Building Research-Grade Infrastructure for Personalized Nutrition
Founded in 2022, DGL develops deterministic nutrition intelligence systems designed to translate population-level dietary guidance into individual, context-aware recommendations—without black-box algorithms.
We build the infrastructure layer that makes personalized nutrition transparent, reproducible, and economically accessible.
Current nutrition technology fails in three critical ways:
Single-number scoring collapses complex physiology into oversimplified ratings that can't serve individual health contexts.
Black-box AI provides recommendations without explaining why, making clinical validation and regulatory compliance impossible.
Economic blindness optimizes for health without considering budget constraints, widening disparities for those who need guidance most.
We're building a different approach.
The DNI (Digital Nutrition Intelligence) Ecosystem is a suite of nine integrated, patented systems spanning the complete nutrition intelligence pipeline:
Data Foundation (UNL): Unified nutrition data standardization across 500,000+ foods from USDA FoodData Central and commercial databases.

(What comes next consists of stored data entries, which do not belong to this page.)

(* For $k=1,\dots,s-1$, assume the following quantity is defined (denominator nonzero): $$r_k:=\frac{\alpha_k-\beta_k}{h_{k+1}\beta_k-h_{k-1}\alpha_k}.$$ Set $r_0:=P_{\max}$ and $r_s:=0$, and suppose $$0=r_s<r_{s-1}<\cdots<r_1<r_0=P_{\max}.$$ Then the KKT system described in the context has a unique solution. In that solution $I_k=r_k$ for all $k\in\{1,\dots,s-1\}$ and $\lambda_k=0$ for all $k$. Moreover, the optimal power allocation of problem (P) is $I^{**}_k=r_k$ for all $k\in\{1,\dots,s-1\}$.
   Context: Parameters: - $s\ge 2$, $P_{\max}>0$, and positive reals $h_0<h_1<\cdots<h_s$. - Probabilities $\delta_0,\dots,\delta_s$ summing to $1$. - $\theta_k:=\sum_{j=0}^{k-1}\delta_j$ and $\Delta_k:=\theta_k(1-\theta_k)$ for $k=1,\dots,s$. - $\alpha_k:=(h_{k+1}-h_k)\Delta_{k+1}$ and $\beta_k:=(h_k-h_{k-1})\Delta_k$ for $k=1,\dots,s-1$. Problem (P). The variables are $I_1,\dots,I_{s-1}$, with the conventions $I_0:=P_{\max}$ and $I_s:=0$. Maximize $$f(I)=\sum_{i=1}^s\Delta_i\,\frac L2\log\Big(\frac{1+h_iI_{i-1}}{1+h_iI_i}\cdot\frac{1+h_{i-1}I_i}{1+h_{i-1}I_{i-1}}\Big)$$ subject to $I_k\le I_{k-1}$ for all $k=1,\dots,s$. This is the power-allocation problem with $I_k=\sum_{j>k}P_j$. KKT system. Define the Lagrangian $$\mathcal L(I,\lambda)=-f(I)+\sum_{i=1}^s\lambda_i(I_i-I_{i-1}).$$ The system asks for $(I_1,\dots,I_{s-1},\lambda_1,\dots,\lambda_s)$ such that: - $\partial\mathcal L/\partial I_k=0$ for $k=1,\dots,s-1$, - $\lambda_k(I_k-I_{k-1})=0$, $I_k\le I_{k-1}$ and $\lambda_k\ge0$ for $k=1,\dots,s$. *)

theory Defs
  imports Complex_Main
begin

definition ext :: "real \<Rightarrow> nat \<Rightarrow> (nat \<Rightarrow> real) \<Rightarrow> nat \<Rightarrow> real" where
  "ext Pmax s I k = (if k = 0 then Pmax else if k \<ge> s then 0 else I k)"

definition theta :: "(nat \<Rightarrow> real) \<Rightarrow> nat \<Rightarrow> real" where
  "theta \<delta> k = (\<Sum>j<k. \<delta> j)"

definition Delta :: "(nat \<Rightarrow> real) \<Rightarrow> nat \<Rightarrow> real" where
  "Delta \<delta> k = theta \<delta> k * (1 - theta \<delta> k)"

definition alpha :: "(nat \<Rightarrow> real) \<Rightarrow> (nat \<Rightarrow> real) \<Rightarrow> nat \<Rightarrow> real" where
  "alpha h \<delta> k = (h (k+1) - h k) * Delta \<delta> (k+1)"

definition beta :: "(nat \<Rightarrow> real) \<Rightarrow> (nat \<Rightarrow> real) \<Rightarrow> nat \<Rightarrow> real" where
  "beta h \<delta> k = (h k - h (k-1)) * Delta \<delta> k"

definition rr :: "(nat \<Rightarrow> real) \<Rightarrow> (nat \<Rightarrow> real) \<Rightarrow> nat \<Rightarrow> real" where
  "rr h \<delta> k = (alpha h \<delta> k - beta h \<delta> k) /
     (h (k+1) * beta h \<delta> k - h (k-1) * alpha h \<delta> k)"

text \<open>Objective f of problem (P); I is given on indices 1..s-1.\<close>
definition objective ::
  "real \<Rightarrow> (nat \<Rightarrow> real) \<Rightarrow> (nat \<Rightarrow> real) \<Rightarrow> real \<Rightarrow> nat \<Rightarrow> (nat \<Rightarrow> real) \<Rightarrow> real" where
  "objective L h \<delta> Pmax s I =
     (\<Sum>i=1..s. Delta \<delta> i * (L / 2) *
        ln ((1 + h i * ext Pmax s I (i-1)) / (1 + h i * ext Pmax s I i) *
            ((1 + h (i-1) * ext Pmax s I i) / (1 + h (i-1) * ext Pmax s I (i-1)))))"

definition feasible :: "real \<Rightarrow> nat \<Rightarrow> (nat \<Rightarrow> real) \<Rightarrow> bool" where
  "feasible Pmax s I = (\<forall>k\<in>{1..s}. ext Pmax s I k \<le> ext Pmax s I (k-1))"

definition lagrangian ::
  "real \<Rightarrow> (nat \<Rightarrow> real) \<Rightarrow> (nat \<Rightarrow> real) \<Rightarrow> real \<Rightarrow> nat \<Rightarrow> (nat \<Rightarrow> real) \<Rightarrow> (nat \<Rightarrow> real) \<Rightarrow> real" where
  "lagrangian L h \<delta> Pmax s I lam =
     - objective L h \<delta> Pmax s I +
     (\<Sum>i=1..s. lam i * (ext Pmax s I i - ext Pmax s I (i-1)))"

definition KKT ::
  "real \<Rightarrow> (nat \<Rightarrow> real) \<Rightarrow> (nat \<Rightarrow> real) \<Rightarrow> real \<Rightarrow> nat \<Rightarrow> (nat \<Rightarrow> real) \<Rightarrow> (nat \<Rightarrow> real) \<Rightarrow> bool" where
  "KKT L h \<delta> Pmax s I lam =
    ((\<forall>k\<in>{1..s-1}.
        ((\<lambda>t. lagrangian L h \<delta> Pmax s (I(k := t)) lam) has_real_derivative 0) (at (I k))) \<and>
     (\<forall>k\<in>{1..s}. lam k * (ext Pmax s I k - ext Pmax s I (k-1)) = 0 \<and>
                 ext Pmax s I k \<le> ext Pmax s I (k-1) \<and> lam k \<ge> 0))"

end

theory Submission
  imports Defs
begin

text \<open>
  With psi_i(x) = Delta_i (ln (1 + h_i x) - ln (1 + h_{i-1} x)) (layer_rate), the objective telescopes
  to L/2 (psi_1(Pmax) - psi_s(0) + sum_k G_k(I_k)) with G_k = psi_{k+1} - psi_k (coord_gain), so
  problem (P) and its Lagrangian separate in the coordinates. On x >= 0 the derivative G_k'(x) is a
  positive multiple of r_k - x, so G_k has its strict maximum at r_k and the feasible point r is the
  unique maximizer.

  Stationarity reads lambda_k - lambda_{k+1} = L/2 G_k'(I_k). Together with complementary slackness,
  a positive multiplier lambda_m forces I_{m-1} < r_{m-1} (backward induction from m = s), whereas
  I_{m-1} < r_{m-1} forces lambda_m = 0 (forward induction from m = 1). Hence all multipliers vanish,
  G_k'(I_k) = 0 and I_k = r_k.
\<close>

lemma ln_gain_combination_has_derivative:
  fixes a b c P Q D x :: real
  assumes pos: "0 < 1 + a * x" "0 < 1 + b * x" "0 < 1 + c * x"
    and D: "D = a * ((b - c) * Q) - c * ((a - b) * P)" "D \<noteq> 0"
  shows "((\<lambda>x. P * (ln (1 + a * x) - ln (1 + b * x)) - Q * (ln (1 + b * x) - ln (1 + c * x)))
    has_real_derivative D * (((a - b) * P - (b - c) * Q) / D - x) / ((1 + a * x) * (1 + b * x) * (1 + c * x)))
    (at x)"
proof -
  have ln_deriv: "((\<lambda>x. ln (1 + e * x)) has_real_derivative e / (1 + e * x)) (at x)"
    if "0 < 1 + e * x" for e
    using that by (auto intro!: derivative_eq_intros)
  define A B C where "A = 1 + a * x" and "B = 1 + b * x" and "C = 1 + c * x"
  have "A \<noteq> 0" "B \<noteq> 0" "C \<noteq> 0" using pos unfolding A_def B_def C_def by auto
  then have "P * (a / A - b / B) - Q * (b / B - c / C)
      = (P * (a * B - b * A) * C - Q * (b * C - c * B) * A) / (A * B * C)"
    by (simp add: field_simps)
  also have "P * (a * B - b * A) * C - Q * (b * C - c * B) * A = (a - b) * P - (b - c) * Q - D * x"
    unfolding A_def B_def C_def D(1) by algebra
  also have "\<dots> = D * (((a - b) * P - (b - c) * Q) / D - x)"
    using D(2) by (simp add: right_diff_distrib[of D _ x])
  finally have value_eq: "P * (a / A - b / B) - Q * (b / B - c / C)
      = D * (((a - b) * P - (b - c) * Q) / D - x) / (A * B * C)" .
  have "((\<lambda>x. P * (ln (1 + a * x) - ln (1 + b * x)) - Q * (ln (1 + b * x) - ln (1 + c * x)))
    has_real_derivative P * (a / A - b / B) - Q * (b / B - c / C)) (at x)"
    unfolding A_def B_def C_def using pos by (intro DERIV_diff DERIV_cmult ln_deriv)
  then show ?thesis unfolding value_eq unfolding A_def B_def C_def .
qed

lemma strict_max_if_deriv_sign:
  fixes f f' :: "real \<Rightarrow> real"
  assumes deriv: "\<And>y. l \<le> y \<Longrightarrow> (f has_real_derivative f' y) (at y)"
    and sign: "\<And>y. l \<le> y \<Longrightarrow> sgn (f' y) = sgn (r - y)"
    and "l \<le> r" "l \<le> x" "x \<noteq> r"
  shows "f x < f r"
proof -
  have cont: "continuous_on {u..v} f" if "l \<le> u" for u v
    using deriv that by (intro DERIV_continuous_on[where D = f']) (auto intro: has_field_derivative_at_within)
  show ?thesis
  proof (cases "x < r")
    case True
    show ?thesis
    proof (rule DERIV_pos_imp_increasing_open[OF True _ cont[OF \<open>l \<le> x\<close>]])
      fix y assume "x < y" "y < r"
      with \<open>l \<le> x\<close> have "l \<le> y" by simp
      then have "0 < f' y"
        using sign[of y] \<open>y < r\<close> sgn_greater[of "f' y"] sgn_greater[of "r - y"] by simp
      then show "\<exists>d. DERIV f y :> d \<and> 0 < d" using deriv[OF \<open>l \<le> y\<close>] by blast
    qed
  next
    case False
    then have "r < x" using \<open>x \<noteq> r\<close> by simp
    show ?thesis
    proof (rule DERIV_neg_imp_decreasing_open[OF \<open>r < x\<close> _ cont[OF \<open>l \<le> r\<close>]])
      fix y assume "r < y" "y < x"
      with \<open>l \<le> r\<close> have "l \<le> y" by simp
      then have "f' y < 0"
        using sign[of y] \<open>r < y\<close> sgn_less[of "f' y"] sgn_less[of "r - y"] by simp
      then show "\<exists>d. DERIV f y :> d \<and> d < 0" using deriv[OF \<open>l \<le> y\<close>] by blast
    qed
  qed
qed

Deterministic Scoring (DNE): Five-dimensional nutrition evaluation measuring glycemic impact, nutrient density, energy density, processing level, and overall health—using explicit mathematical formulas, not machine learning.

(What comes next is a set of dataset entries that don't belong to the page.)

lemma length_3_obtain_two_satisfying:
  assumes "length xs = 3" and "2 \<le> length (filter P xs)"
  obtains p q s where "mset xs = {#p, q, s#}" and "P q" and "P s"
proof -
  obtain a b c where "xs = [a, b, c]"
    using assms(1) by (auto simp: numeral_3_eq_3 length_Suc_conv)
  with assms(2) that show ?thesis
    by (cases "P a"; cases "P b"; cases "P c") (fastforce simp: add_mset_commute)+
qed

lemma signature_area_genus0_ge_quarter:
  assumes periods: "\<forall>k\<in>set ms. k \<ge> 2" and "4 \<le> length ms" and "m \<in> set ms" and "4 \<le> m"
  shows "1 / 4 \<le> signature_area 0 ms"
proof -
  have "3 / 4 \<le> 1 - 1 / real m"
    using assms(4) by (simp add: field_simps)
  moreover have "3 / 2 \<le> (\<Sum>k\<leftarrow>remove1 m ms. 1 - 1 / real k)"
  proof -
    have "\<forall>k\<in>set (remove1 m ms). k \<ge> 2"
      using periods set_remove1_subset[of m ms] by blast
    moreover have "3 \<le> length (remove1 m ms)"
      using assms(2,3) by (simp add: length_remove1)
    ultimately show ?thesis
      using period_sum_ge_half_length[of "remove1 m ms"] by simp
  qed
  ultimately have "9 / 4 \<le> (\<Sum>k\<leftarrow>ms. 1 - 1 / real k)"
    using sum_list_map_remove1[OF assms(3), of "\<lambda>k. 1 - 1 / real k"] by linarith
  then show ?thesis
    by (simp add: signature_area_def)
qed

lemma signature_area_genus0_cases:
  assumes periods: "\<forall>m\<in>set ms. m \<ge> 2"
    and multiples_of_4: "2 \<le> length (filter ((dvd) 4) ms)"
    and pos: "0 < signature_area 0 ms"
  shows "1 / 5 \<le> signature_area 0 ms
    \<or> mset ms \<in> {{#3, 4, 4#}, {#2, 4, 8#}, {#2, 4, 12#}, {#2, 4, 16#}}"
proof -
  consider "length ms \<le> 2" | "length ms = 3" | "length ms \<ge> 4"
    by linarith
  then show ?thesis
  proof cases
    case 1
    with period_sum_le_length[of ms] pos show ?thesis
      by (simp add: signature_area_def)
  next
    case 2
    from 2 multiples_of_4 obtain p q s where ms: "mset ms = {#p, q, s#}" "4 dvd q" "4 dvd s"
      by (rule length_3_obtain_two_satisfying)
    have "\<forall>m\<in>#mset ms. m \<ge> 2"
      using periods by simp
    with ms have "p \<ge> 2" "0 < q" "0 < s"
      by auto
    moreover have "signature_area 0 ms = signature_area 0 [p, q, s]"
      using ms by (simp add: signature_area_mset)
    ultimately show ?thesis
      using triangle_signature_area_cases[of p q s] ms pos by auto
  next
    case 3
    from multiples_of_4 obtain m where m: "m \<in> set ms" "4 dvd m"
      by (metis filter_False le_zero_eq length_0_conv zero_neq_numeral)
    with periods have "m \<ge> 4"
      by (auto elim!: dvdE)
    with periods 3 m(1) have "1 / 4 \<le> signature_area 0 ms"
      by (rule signature_area_genus0_ge_quarter)
    then have "1 / 5 \<le> signature_area 0 ms"
      by simp
    then show ?thesis ..
  qed
qed

lemma list_prod_Nil [simp]: "list_prod G [] = \<one>\<^bsub>G\<^esub>"
  by (simp add: list_prod_def)

lemma list_prod_Cons [simp]: "list_prod G (x # xs) = x \<otimes>\<^bsub>G\<^esub> list_prod G xs"
  by (simp add: list_prod_def)

lemma list_prod_closed:
  assumes "monoid G" and "set xs \<subseteq> carrier G"
  shows "list_prod G xs \<in> carrier G"
  using assms(2)
  by (induction xs) (simp_all add: monoid.m_closed[OF assms(1)] monoid.one_closed[OF assms(1)])

lemma hom_list_prod:
  assumes "group G" and "group H" and "\<phi> \<in> hom G H" and "set xs \<subseteq> carrier G"
  shows "\<phi> (list_prod G xs) = list_prod H (map \<phi> xs)"
  using assms(4)
proof (induction xs)
  case Nil
  then show ?case
    using hom_one[OF assms(3,1,2)] by simp
next
  case (Cons y xs)
  then show ?case
    using hom_mult[OF assms(3)] list_prod_closed[OF group.is_monoid[OF assms(1)]] by simp
qed

lemma list_prod_integer_mod_group:
  "list_prod (integer_mod_group n) ks = sum_list ks mod int n"
  by (induction ks) (simp_all add: mod_add_right_eq)

lemma even_sum_list_iff:
  fixes xs :: "'a::semiring_parity list"
  shows "even (sum_list xs) \<longleftrightarrow> even (length (filter odd xs))"
  by (induction xs) auto

lemma even_length_filter_odd_image:
  assumes "group G" and "\<phi> \<in> hom G (integer_mod_group n)" and "even n"
    and "set xs \<subseteq> carrier G" and "list_prod G xs = \<one>\<^bsub>G\<^esub>"
  shows "even (length (filter (\<lambda>y. odd (\<phi> y)) xs))"
proof -
  have "sum_list (map \<phi> xs) mod int n = 0"
    using hom_list_prod[OF assms(1) _ assms(2,4)] hom_one[OF assms(2,1)] assms(5)
    by (simp add: list_prod_integer_mod_group)
  then have "even (sum_list (map \<phi> xs))"
    using dvd_mod_iff[of 2 "int n"] assms(3) by fastforce
  then show ?thesis
    by (simp add: even_sum_list_iff length_filter_map comp_def)
qed

lemma subgroup_even_integer_mod_group:
  assumes "even n"
  shows "subgroup {k \<in> carrier (integer_mod_group n). even k} (integer_mod_group n)"
    (is "subgroup ?E ?Zn")
proof (rule group.subgroupI[OF group_integer_mod_group])
  fix k assume "k \<in> ?E"
  with assms show "inv\<^bsub>?Zn\<^esub> k \<in> ?E"
    using group.inv_closed[OF group_integer_mod_group] by (simp add: dvd_mod_iff)
next
  fix k l assume "k \<in> ?E" and "l \<in> ?E"
  with assms show "k \<otimes>\<^bsub>?Zn\<^esub> l \<in> ?E"
    using monoid.m_closed[OF group.is_monoid[OF group_integer_mod_group]] by (simp add: dvd_mod_iff)
qed (auto intro!: exI[of _ 0])

lemma generating_set_has_odd_image:
  assumes "group G" and "\<phi> \<in> epi G (integer_mod_group n)" and "even n"
    and "S \<subseteq> carrier G" and "generate G S = carrier G"
  shows "\<exists>y\<in>S. odd (\<phi> y)"
proof (rule ccontr)
  let ?Zn = "integer_mod_group n"
  let ?E = "{k \<in> carrier ?Zn. even k}"
  assume no_odd: "\<not> ?thesis"
  interpret group_hom G ?Zn \<phi>
    using assms(1,2) by (simp add: group_hom_def group_hom_axioms_def epi_def)
  have "\<phi> ` carrier G = generate ?Zn (\<phi> ` S)"
    using generate_img[OF assms(4)] assms(5) by simp
  also have "\<dots> \<subseteq> ?E"
    using no_odd assms(4) subgroup_even_integer_mod_group[OF assms(3)]
    by (intro H.generate_subgroup_incl) auto
  finally have "carrier ?Zn \<subseteq> ?E"
    using assms(2) by (simp add: epi_def)
  moreover have "1 \<in> carrier ?Zn"
    using assms(3) by auto
  ultimately have "even (1 :: int)"
    by blast
  then show False
    by simp
qed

Personalization (FFHS): Focus-Fit Health Scoring enabling users to weight six physiological dimensions (blood sugar, cardiovascular, digestive, inflammation, performance, wellness) based on individual health contexts.

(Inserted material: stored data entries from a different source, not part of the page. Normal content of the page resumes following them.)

lemma hermitian_matpow_mult_eq_0:
  assumes herm: "mat_ctrans M = M" and "matpow M k ** B = 0"
  shows "M ** B = 0"
  using assms(2)
proof (induction k arbitrary: B)
  case (Suc k)
  have "M ** M ** B = 0"
    using Suc.IH[of "M ** B"] Suc.prems by (simp add: matrix_mul_assoc)
  then have "mat_ctrans M ** M ** B = 0"
    by (simp add: herm)
  then show ?case
    by (rule mat_ctrans_mult_self_cancel)
qed simp

lemma span_matpow_commute:
  fixes M :: "'a::real_algebra_1^'n^'n"
  assumes "X \<in> span (range (matpow M))"
  shows "X ** M = M ** X"
proof -
  have "span (range (matpow M)) \<subseteq> {X. X ** M = M ** X}"
    by (rule span_minimal) (auto simp: subspace_commutant matpow_commute)
  then show ?thesis
    using assms by blast
qed

lemma span_matpow_hermitian:
  fixes M :: "complex^'n^'n"
  assumes "mat_ctrans M = M" and "X \<in> span (range (matpow M))"
  shows "mat_ctrans X = X"
proof -
  have "span (range (matpow M)) \<subseteq> {X. mat_ctrans X = X}"
    by (rule span_minimal) (auto simp: subspace_hermitian mat_ctrans_matpow assms(1))
  then show ?thesis
    using assms(2) by blast
qed

lemma matpow_in_span_higher_powers:
  fixes M :: "'a::{euclidean_space, real_algebra_1}^'n^'n"
  shows "\<exists>k. matpow M k \<in> span (matpow M ` {Suc k..})"
proof (rule ccontr)
  define S where "S k = span (matpow M ` {k..})" for k
  assume "\<nexists>k. matpow M k \<in> span (matpow M ` {Suc k..})"
  moreover have "S (Suc k) \<subseteq> S k" for k
    by (simp add: S_def span_mono image_mono)
  moreover have "matpow M k \<in> S k" for k
    by (simp add: S_def span_base)
  ultimately have "S (Suc k) \<subset> S k" for k
    unfolding S_def by blast
  then have dim_less: "dim (S (Suc k)) < dim (S k)" for k
    by (metis S_def dim_psubset span_span)
  have "dim (S k) + k \<le> dim (S 0)" for k
  proof (induction k)
    case (Suc k)
    then show ?case
      using dim_less[of k] by linarith
  qed simp
  then have "Suc DIM('a^'n^'n) \<le> DIM('a^'n^'n)"
    by (metis dim_subset_UNIV le_add2 order.trans)
  then show False
    by simp
qed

Economic Optimization (HPD): Health-Per-Dollar scoring that optimizes nutrition within budget constraints, making healthy eating economically accessible.
Meal Planning (AMPE): Constraint-based meal optimization balancing health goals, preferences, cost, and food waste reduction.
Shopping Intelligence (ISLG): Multi-store optimization generating budget-aware shopping lists from meal plans.
Spoilage Prediction (SPM): Bayesian models reducing food waste through freshness tracking.
Performance Monitoring: Real-time system validation ensuring 100% deterministic reproducibility.
All systems use predetermined mathematical formulas. No training data. No model drift. No black boxes.
Same inputs produce identical outputs—every time, for every user, forever.
This isn't just good engineering. It's a prerequisite for clinical validation, regulatory compliance, and research reproducibility.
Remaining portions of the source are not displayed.